At the first stage, implementing the XML option is sufficient. The implementation must consider the possibility of implementing other options in the future.

Command Separator

A command separator, as a basic functionality, is not required. If necessary, a command separator can be implemented on the client side (see architecture description).

The ability to enter multiple commands in one line can be implemented. Commands are separated by the ";" character. This can be useful when the command source is a file or a shell command line.

Error Pointer

If an incorrect command is entered, the CLI should show where in the command the error was detected. By indicating the character number and an arrow "^". The character number alone is insufficient because it's hard to count. The arrow alone is insufficient because there are multi-line commands.

Hot-keys

Improvement of the Hot-keys mechanism. As part of the general refactoring of the internal structure.

NAMESPACE Inheritance

Automatic inheritance of NAMESPACE from VIEWs at lower levels. (VIEWs with smaller depth values are considered lower levels, i.e., the root of the tree).
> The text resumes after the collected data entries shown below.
lemma integrable_square_at_index:
  fixes Y :: "'i \<Rightarrow> 'a \<Rightarrow> real"
  assumes "finite I" and K: "\<And>\<omega>. K \<omega> \<in> I" and "(\<lambda>\<omega>. Y (K \<omega>) \<omega>) \<in> borel_measurable M"
    and Y2: "\<And>i. i \<in> I \<Longrightarrow> integrable M (\<lambda>\<omega>. (Y i \<omega>)\<^sup>2)"
  shows "integrable M (\<lambda>\<omega>. (Y (K \<omega>) \<omega>)\<^sup>2)"
proof (rule Bochner_Integration.integrable_bound)
  show "integrable M (\<lambda>\<omega>. \<Sum>i\<in>I. (Y i \<omega>)\<^sup>2)" using Y2 by simp
  have "(Y (K \<omega>) \<omega>)\<^sup>2 \<le> (\<Sum>i\<in>I. (Y i \<omega>)\<^sup>2)" for \<omega>
    using \<open>finite I\<close> K by (intro member_le_sum) auto
  then show "AE \<omega> in M. norm ((Y (K \<omega>) \<omega>)\<^sup>2) \<le> norm (\<Sum>i\<in>I. (Y i \<omega>)\<^sup>2)"
    by (simp add: sum_nonneg)
qed (use assms in measurable)

lemma (in prob_space) integral_eq_of_AE_real_cond_exp_eq:
  assumes "subalgebra M F" "integrable M f" "AE x in M. real_cond_exp M F f x = c"
  shows "(\<integral>x. f x \<partial>M) = c"
proof -
  interpret sigma_finite_subalgebra M F
    by (rule finite_measure_subalgebra_is_sigma_finite) (unfold_locales, rule assms(1))
  have "(\<integral>x. f x \<partial>M) = (\<integral>x. real_cond_exp M F f x \<partial>M)"
    using real_cond_exp_int(2)[OF assms(2)] by simp
  also have "\<dots> = (\<integral>x. c \<partial>M)"
    using assms(3) by (intro integral_cong_AE) auto
  finally show ?thesis by (simp add: prob_space)
qed

lemma subalgebra_prompt_alg:
  assumes "\<And>i. i \<in> {1..N} \<Longrightarrow> X i \<in> borel_measurable M"
  shows "subalgebra M (prompt_alg M N X)"
proof -
  have X_restrict: "(\<lambda>\<omega>. \<lambda>i\<in>{1..N}. X i \<omega>) \<in> measurable M (PiM {1..N} (\<lambda>_. borel))"
    using assms by (intro measurable_restrict) auto
  show ?thesis
    unfolding subalgebra_def prompt_alg_def
    using measurable_space[OF X_restrict] measurable_sets[OF X_restrict]
    by (auto simp: sets_vimage_algebra2)
qed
Higher-level VIEWs no longer need to explicitly include command inheritance from lower-level VIEWs using NAMESPACE. Inheritance happens automatically. NAMESPACE should only be specified for service VIEWs used to aggregate commands. For example, when these commands need to be included in multiple VIEWs simultaneously. Using service VIEWs as independent ones is not recommended. I.e., such VIEWs should not appear in the current path tree.

For the VIEW tag, attributes similar to NAMESPACE attributes appear but relate to lower levels of the current path tree.

inherit="<true/false>" - whether commands from lower-level VIEWs of the current path tree are available in the current VIEW. Default is inherit="true".
completion="<true/false>" - same as in NAMESPACE, but relative to lower levels.
context_help="<true/false>" - same as in NAMESPACE, but relative to lower levels.

The search for an entered command occurs as follows: from higher nesting levels of the path tree to lower levels. At each level, the search is performed in the current VIEW and all its NAMESPACEs. If the command is not found, the search moves to a lower level of the tree.

When a command is found, its "restore" field is analyzed. If the field is not defined, the command is executed at the current nesting level. If defined, the command's level is considered the one where it was found. That level is restored (or it matches the current one) and the command is executed.

Handlers for PTYPE

Currently, PTYPE types only have predefined methods for validating entered arguments. Validation of PTYPE using arbitrary code is required. An ACTION tag is added. Argument validity is checked only using ACTION. Built-in checks are eliminated. Uniformity is achieved. Former built-in checks are implemented in a plugin.

PTYPE Scope

Currently, all PTYPE types are global. Since a global command space exists, technically a zero-level VIEW also exists to implement this global namespace. I.e., in the general case, the VIEW structure contains both a set of commands belonging to this scope and a set of PTYPEs, as they should be in the global VIEW. There is no point in making the global VIEW (level 0) special. This would only add complexity to the code. Therefore, local PTYPEs are obtained almost automatically. More local PTYPEs mask more global PTYPEs with the same name (just like in programming languages).

Arguments and VAR Scope

VAR variables must have PARAM parameters, just like commands.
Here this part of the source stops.